→ Prompt:
Look through the records, and wherever the string "free" turns up, copy out that line.

(Saved entries)
(* For each term $t$ there is at most one type $\tau$ such that $\Gamma\vdash t:\tau$ for some context $\Gamma$. If such a $\tau$ exists, there is a smallest context $\Gamma$ with $\Gamma\vdash t:\tau$, and it coincides with the set of free variables of $t$ (in the usual sense).
   Context: Types: $\rho,\tau::=\Diamond\mid\mathbf{B}\mid\tau\multimap\rho\mid\tau\otimes\rho\mid\tau\times\rho\mid\mathbf{L}(\tau)$. Raw terms: $r,s,t::=x^\tau\mid c\mid\lambda x^\tau.\,t\mid\langle t,s\rangle\mid ts\mid\{t\}$, where each variable $x^\tau$ carries a type (infinitely many variables of each type), application associates to the left, terms are identified up to renaming of bound variables ($\lambda$ is the only binder), and the constants $c$ with their types are $\mathsf{tt},\mathsf{ff}:\mathbf{B}$; $\mathsf{nil}_\tau:\mathbf{L}(\tau)$; $\mathsf{cons}_\tau:\Diamond\multimap\tau\multimap\mathbf{L}(\tau)\multimap\mathbf{L}(\tau)$; $\otimes_{\tau,\rho}:\tau\multimap\rho\multimap\tau\otimes\rho$. A context is a finite set of typed variables; $\Gamma_1,\Gamma_2$ denotes $\Gamma_1\cup\Gamma_2$ and presupposes $\Gamma_1\cap\Gamma_2=\emptyset$; $x^\tau$ also denotes $\{x^\tau\}$. The relation $\Gamma\vdash t:\tau$ is inductively defined by: (Var) $\Gamma,x^\tau\vdash x:\tau$; (Const) $\Gamma\vdash c:\tau$ for a constant $c$ of type $\tau$; ($\multimap^+$) from $\Gamma\cup\{x^\tau\}\vdash t:\rho$ infer $\Gamma\vdash\lambda x^\tau.t:\tau\multimap\rho$; ($\multimap^-$) from $\Gamma_1\vdash t:\tau\multimap\rho$ and $\Gamma_2\vdash s:\tau$ infer $\Gamma_1,\Gamma_2\vdash ts:\rho$; ($\times^+$) from $\Gamma\vdash t:\tau$ and $\Gamma\vdash s:\rho$ infer $\Gamma\vdash\langle t,s\rangle:\tau\times\rho$; ($\times^-_1$) from $\Gamma\vdash t:\tau\times\rho$ infer $\Gamma\vdash t\,\mathsf{tt}:\tau$; ($\times^-_0$) from $\Gamma\vdash t:\tau\times\rho$ infer $\Gamma\vdash t\,\mathsf{ff}:\rho$; ($\mathbf{B}^-$) from $\Gamma_1\vdash t:\mathbf{B}$, $\Gamma_2\vdash s:\tau$, $\Gamma_2\vdash r:\tau$ infer $\Gamma_1,\Gamma_2\vdash t\langle s,r\rangle:\tau$; ($\otimes^-$) from $\Gamma_1\vdash t:\tau\otimes\rho$ and $\Gamma_2,x^\tau,y^\rho\vdash s:\sigma$ infer $\Gamma_1,\Gamma_2\vdash t(\lambda x^\tau.\lambda y^\rho.s):\sigma$; ($\mathbf{L}^-$) from $\Gamma\vdash t:\mathbf{L}(\tau)$ and $\emptyset\vdash s:\Diamond\multimap\tau\multimap\rho\multimap\rho$ infer $\Gamma\vdash t\{s\}:\rho\multimap\rho$. *)

theory Defs
  imports Main
begin

datatype ty = Dia | Bool | Lolli ty ty | Tensor ty ty | Times ty ty | Lst ty

datatype var = Var nat ty

fun vty :: "var \<Rightarrow> ty" where "vty (Var n T) = T"

datatype const = TT | FF | NilC ty | ConsC ty | TensC ty ty

fun cty :: "const \<Rightarrow> ty" where
  "cty TT = Bool"
| "cty FF = Bool"
| "cty (NilC T) = Lst T"
| "cty (ConsC T) = Lolli Dia (Lolli T (Lolli (Lst T) (Lst T)))"
| "cty (TensC T R) = Lolli T (Lolli R (Tensor T R))"

text \<open>Terms up to renaming of bound variables, in locally nameless representation:
  free variables are named, bound variables are de Bruijn indices.
  \<open>Lam T b\<close> is \<open>\<lambda>x\<^sup>T. b\<close>, \<open>Pair\<close> is \<open>\<langle>t,s\<rangle>\<close>, \<open>App\<close> is application, \<open>Brace t\<close> is \<open>{t}\<close>.\<close>
datatype tm = FVar var | BVar nat | Cst const | Lam ty tm | Pair tm tm | App tm tm | Brace tm

fun fv :: "tm \<Rightarrow> var set" where
  "fv (FVar x) = {x}"
| "fv (BVar i) = {}"
| "fv (Cst c) = {}"
| "fv (Lam T t) = fv t"
| "fv (Pair t s) = fv t \<union> fv s"
| "fv (App t s) = fv t \<union> fv s"
| "fv (Brace t) = fv t"

fun opn :: "nat \<Rightarrow> tm \<Rightarrow> tm \<Rightarrow> tm" where
  "opn k u (FVar x) = FVar x"
| "opn k u (BVar i) = (if i = k then u else BVar i)"
| "opn k u (Cst c) = Cst c"
| "opn k u (Lam T t) = Lam T (opn (Suc k) u t)"
| "opn k u (Pair t s) = Pair (opn k u t) (opn k u s)"
| "opn k u (App t s) = App (opn k u t) (opn k u s)"
| "opn k u (Brace t) = Brace (opn k u t)"

text \<open>A binder \<open>\<lambda>x\<^sup>\<tau>. t\<close> is represented by any
  name x not free in the body (alpha-equivalence).\<close>
inductive typing :: "var set \<Rightarrow> tm \<Rightarrow> ty \<Rightarrow> bool" where
  tVar: "finite \<Gamma> \<Longrightarrow> x \<in> \<Gamma> \<Longrightarrow> typing \<Gamma> (FVar x) (vty x)"
| tConst: "finite \<Gamma> \<Longrightarrow> typing \<Gamma> (Cst c) (cty c)"
| tLolliI: "x \<notin> fv b \<Longrightarrow> vty x = T \<Longrightarrow> typing (\<Gamma> \<union> {x}) (opn 0 (FVar x) b) R
            \<Longrightarrow> typing \<Gamma> (Lam T b) (Lolli T R)"
| tLolliE: "typing \<Gamma>1 t (Lolli T R) \<Longrightarrow> typing \<Gamma>2 s T \<Longrightarrow> \<Gamma>1 \<inter> \<Gamma>2 = {}
            \<Longrightarrow> typing (\<Gamma>1 \<union> \<Gamma>2) (App t s) R"
| tTimesI: "typing \<Gamma> t T \<Longrightarrow> typing \<Gamma> s R \<Longrightarrow> typing \<Gamma> (Pair t s) (Times T R)"
| tTimesE1: "typing \<Gamma> t (Times T R) \<Longrightarrow> typing \<Gamma> (App t (Cst TT)) T"
| tTimesE0: "typing \<Gamma> t (Times T R) \<Longrightarrow> typing \<Gamma> (App t (Cst FF)) R"
| tBoolE: "typing \<Gamma>1 t Bool \<Longrightarrow> typing \<Gamma>2 s T \<Longrightarrow> typing \<Gamma>2 r T \<Longrightarrow> \<Gamma>1 \<inter> \<Gamma>2 = {}
            \<Longrightarrow> typing (\<Gamma>1 \<union> \<Gamma>2) (App t (Pair s r)) T"
| tTensorE: "typing \<Gamma>1 t (Tensor T R) \<Longrightarrow> vty x = T \<Longrightarrow> vty y = R \<Longrightarrow> x \<noteq> y
            \<Longrightarrow> x \<notin> fv s \<Longrightarrow> y \<notin> fv s \<Longrightarrow> x \<notin> \<Gamma>2 \<Longrightarrow> y \<notin> \<Gamma>2
            \<Longrightarrow> typing (\<Gamma>2 \<union> {x, y}) (opn 0 (FVar y) (opn 1 (FVar x) s)) S
            \<Longrightarrow> \<Gamma>1 \<inter> \<Gamma>2 = {}
            \<Longrightarrow> typing (\<Gamma>1 \<union> \<Gamma>2) (App t (Lam T (Lam R s))) S"
| tLstE: "typing \<Gamma> t (Lst T) \<Longrightarrow> typing {} s (Lolli Dia (Lolli T (Lolli R R)))
            \<Longrightarrow> typing \<Gamma> (App t (Brace s)) (Lolli R R)"

end

theory Submission
  imports Defs
begin

text \<open>Typing is syntax-directed once the type of the function part of an application is known:
  that type decides between \<open>\<multimap>\<^sup>-\<close> and the eliminations of \<open>\<times>\<close>, \<open>\<^bold>B\<close>, \<open>\<otimes>\<close> and \<open>\<^bold>L\<close>.
  As variables carry their types, the type of a typable term is computed by an inference function
  that needs no context, typing bound variables by the annotations of their binders. As for
  contexts, a context typing a term contains its free variables, and a derivation stays valid when
  its context is shrunk to any subset still containing them, each half of a split being shrunk
  separately.\<close>

fun infer :: "ty list \<Rightarrow> tm \<Rightarrow> ty option" where
  "infer \<Delta> (FVar x) = Some (vty x)"
| "infer \<Delta> (BVar i) = (if i < length \<Delta> then Some (\<Delta> ! i) else None)"
| "infer \<Delta> (Cst c) = Some (cty c)"
| "infer \<Delta> (Lam T b) = map_option (Lolli T) (infer (T # \<Delta>) b)"
| "infer \<Delta> (Pair t s) = (case (infer \<Delta> t, infer \<Delta> s) of
      (Some T, Some R) \<Rightarrow> Some (Times T R) | _ \<Rightarrow> None)"
| "infer \<Delta> (App t (Cst TT)) = (case infer \<Delta> t of
      Some (Lolli _ R) \<Rightarrow> Some R | Some (Times T _) \<Rightarrow> Some T | _ \<Rightarrow> None)"
| "infer \<Delta> (App t (Cst FF)) = (case infer \<Delta> t of
      Some (Lolli _ R) \<Rightarrow> Some R | Some (Times _ R) \<Rightarrow> Some R | _ \<Rightarrow> None)"
| "infer \<Delta> (App t (Pair s r)) = (case infer \<Delta> t of
      Some (Lolli _ R) \<Rightarrow> Some R | Some Bool \<Rightarrow> infer \<Delta> s | _ \<Rightarrow> None)"
| "infer \<Delta> (App t (Lam T (Lam R s))) = (case infer \<Delta> t of
      Some (Lolli _ S) \<Rightarrow> Some S | Some (Tensor _ _) \<Rightarrow> infer (R # T # \<Delta>) s | _ \<Rightarrow> None)"
  (* no case for a \<multimap>-typed t: a term {s} on its own is never typable *)
| "infer \<Delta> (App t (Brace s)) = (case (infer \<Delta> t, infer \<Delta> s) of
      (Some (Lst _), Some (Lolli _ (Lolli _ (Lolli R _)))) \<Rightarrow> Some (Lolli R R) | _ \<Rightarrow> None)"
| "infer \<Delta> (App t s) = (case infer \<Delta> t of Some (Lolli _ R) \<Rightarrow> Some R | _ \<Rightarrow> None)"
| "infer \<Delta> (Brace t) = None"

lemma infer_opn_FVar:
  "k < length \<Delta> \<Longrightarrow> \<Delta> ! k = vty x \<Longrightarrow> infer \<Delta> (opn k (FVar x) t) = infer \<Delta> t"
  by (induction \<Delta> t arbitrary: k rule: infer.induct) (auto split: option.split ty.split)

lemma typing_infer: "typing \<Gamma> t T \<Longrightarrow> infer \<Delta> t = Some T"
proof (induction arbitrary: \<Delta> rule: typing.induct)
  case (tLolliE \<Gamma>1 t T R \<Gamma>2 s)
  then show ?case by (cases "(\<Delta>, App t s)" rule: infer.cases) auto
next
  case (tLolliI x b T \<Gamma> R)
  then show ?case using infer_opn_FVar[of 0 "T # \<Delta>" x b] by simp
next
  case (tTensorE \<Gamma>1 t T R x y s \<Gamma>2 S)
  then show ?case
    using infer_opn_FVar[of 0 "R # T # \<Delta>" y "opn 1 (FVar x) s"]
      infer_opn_FVar[of 1 "R # T # \<Delta>" x s]
    by simp
qed simp_all

lemma typing_unique:
  assumes "typing \<Gamma>1 t T1" and "typing \<Gamma>2 t T2"
  shows "T1 = T2"
  using typing_infer[OF assms(1), of "[]"] typing_infer[OF assms(2), of "[]"] by simp

lemma fv_subset_fv_opn: "fv t \<subseteq> fv (opn k u t)"
  by (induction t arbitrary: k) auto

lemma fv_opn_subset: "fv (opn k u t) \<subseteq> fv t \<union> fv u"
  by (induction t arbitrary: k) auto

lemma typing_fv_subset: "typing \<Gamma> t T \<Longrightarrow> fv t \<subseteq> \<Gamma>"
proof (induction rule: typing.induct)
  case (tLolliI x b T \<Gamma> R)
  then show ?case using fv_subset_fv_opn[of b 0 "FVar x"] by auto
next
  case (tTensorE \<Gamma>1 t T R x y s \<Gamma>2 S)
  then show ?case
    using fv_subset_fv_opn[of s 1 "FVar x"] fv_subset_fv_opn[of "opn 1 (FVar x) s" 0 "FVar y"]
    by auto
qed auto

lemma typing_strengthen: "typing \<Gamma> t T \<Longrightarrow> fv t \<subseteq> \<Gamma>' \<Longrightarrow> \<Gamma>' \<subseteq> \<Gamma> \<Longrightarrow> typing \<Gamma>' t T"
proof (induction arbitrary: \<Gamma>' rule: typing.induct)
  case (tVar \<Gamma> x)
  then show ?case by (simp add: finite_subset typing.tVar)
next
  case (tConst \<Gamma> c)
  then show ?case by (simp add: finite_subset typing.tConst)
next
  case (tLolliI x b T \<Gamma> R)
  have "typing (\<Gamma>' \<union> {x}) (opn 0 (FVar x) b) R"
    using tLolliI.prems fv_opn_subset[of 0 "FVar x" b] by (intro tLolliI.IH) auto
  with tLolliI.hyps(1,2) show ?case by (rule typing.tLolliI)
next
  case (tLolliE \<Gamma>1 t T R \<Gamma>2 s)
  have "fv t \<subseteq> \<Gamma>1" "fv s \<subseteq> \<Gamma>2" using tLolliE.hyps typing_fv_subset by auto
  with tLolliE have "typing (\<Gamma>' \<inter> \<Gamma>1) t (Lolli T R)" "typing (\<Gamma>' \<inter> \<Gamma>2) s T" by auto
  with tLolliE.hyps(3) have "typing ((\<Gamma>' \<inter> \<Gamma>1) \<union> (\<Gamma>' \<inter> \<Gamma>2)) (App t s) R"
    by (intro typing.tLolliE) auto
  with tLolliE.prems(2) show ?case by (simp add: Int_absorb2 flip: Int_Un_distrib)
next
  case (tTimesI \<Gamma> t T s R)
  then show ?case by (auto intro: typing.tTimesI)
next
  case (tTimesE1 \<Gamma> t T R)
  then show ?case by (auto intro: typing.tTimesE1)
next
  case (tTimesE0 \<Gamma> t T R)
  then show ?case by (auto intro: typing.tTimesE0)
next
  case (tBoolE \<Gamma>1 t \<Gamma>2 s T r)
  have "fv t \<subseteq> \<Gamma>1" "fv s \<subseteq> \<Gamma>2" "fv r \<subseteq> \<Gamma>2" using tBoolE.hyps typing_fv_subset by auto
  with tBoolE have "typing (\<Gamma>' \<inter> \<Gamma>1) t Bool" "typing (\<Gamma>' \<inter> \<Gamma>2) s T" "typing (\<Gamma>' \<inter> \<Gamma>2) r T"
    by auto
  with tBoolE.hyps(4) have "typing ((\<Gamma>' \<inter> \<Gamma>1) \<union> (\<Gamma>' \<inter> \<Gamma>2)) (App t (Pair s r)) T"
    by (intro typing.tBoolE) auto
  with tBoolE.prems(2) show ?case by (simp add: Int_absorb2 flip: Int_Un_distrib)
next
  case (tTensorE \<Gamma>1 t T R x y s \<Gamma>2 S)
  let ?s' = "opn 0 (FVar y) (opn 1 (FVar x) s)"
  have "fv t \<subseteq> \<Gamma>1" using tTensorE.hyps typing_fv_subset by auto
  with tTensorE have t: "typing (\<Gamma>' \<inter> \<Gamma>1) t (Tensor T R)" by auto
  have "fv s \<subseteq> \<Gamma>2"
    using typing_fv_subset[OF tTensorE.hyps(9)] tTensorE.hyps(5,6)
      fv_subset_fv_opn[of s 1 "FVar x"] fv_subset_fv_opn[of "opn 1 (FVar x) s" 0 "FVar y"]
    by auto
  then have s: "typing ((\<Gamma>' \<inter> \<Gamma>2) \<union> {x, y}) ?s' S"
    using tTensorE.prems fv_opn_subset[of 0 "FVar y" "opn 1 (FVar x) s"] fv_opn_subset[of 1 "FVar x" s]
    by (intro tTensorE.IH(2)) auto
  from t s tTensorE.hyps
  have "typing ((\<Gamma>' \<inter> \<Gamma>1) \<union> (\<Gamma>' \<inter> \<Gamma>2)) (App t (Lam T (Lam R s))) S"
    by (intro typing.tTensorE) auto
  with tTensorE.prems(2) show ?case by (simp add: Int_absorb2 flip: Int_Un_distrib)
next
  case (tLstE \<Gamma> t T s R)
  then show ?case by (auto intro: typing.tLstE)
qed

theorem lemma2p6:
  fixes t :: tm
  shows "(\<forall>\<Gamma>1 \<Gamma>2 T1 T2. typing \<Gamma>1 t T1 \<and> typing \<Gamma>2 t T2 \<longrightarrow> T1 = T2) \<and>
         (\<forall>T. (\<exists>\<Gamma>. typing \<Gamma> t T) \<longrightarrow>
              (\<exists>\<Gamma>0. typing \<Gamma>0 t T \<and> (\<forall>\<Gamma>. typing \<Gamma> t T \<longrightarrow> \<Gamma>0 \<subseteq> \<Gamma>) \<and> \<Gamma>0 = fv t))"
proof (intro conjI allI impI)
  fix \<Gamma>1 \<Gamma>2 T1 T2
  assume "typing \<Gamma>1 t T1 \<and> typing \<Gamma>2 t T2"
  then show "T1 = T2" using typing_unique by blast
next
  fix T
  assume "\<exists>\<Gamma>. typing \<Gamma> t T"
  then obtain \<Gamma> where "typing \<Gamma> t T" ..
  then have "typing (fv t) t T" using typing_strengthen typing_fv_subset by blast
  then show "\<exists>\<Gamma>0. typing \<Gamma>0 t T \<and> (\<forall>\<Gamma>. typing \<Gamma> t T \<longrightarrow> \<Gamma>0 \<subseteq> \<Gamma>) \<and> \<Gamma>0 = fv t"
    using typing_fv_subset by blast
qed

end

→ Written solution:
(* For each term $t$ there is at most one type $\tau$ such that $\Gamma\vdash t:\tau$ for some context $\Gamma$. If such a $\tau$ exists, there is a smallest context $\Gamma$ with $\Gamma\vdash t:\tau$, and it coincides with the set of free variables of $t$ (in the usual sense).
  free variables are named, bound variables are de Bruijn indices.
  name x not free in the body (alpha-equivalence).\<close>
  contexts, a context typing a term contains its free variables, and a derivation stays valid when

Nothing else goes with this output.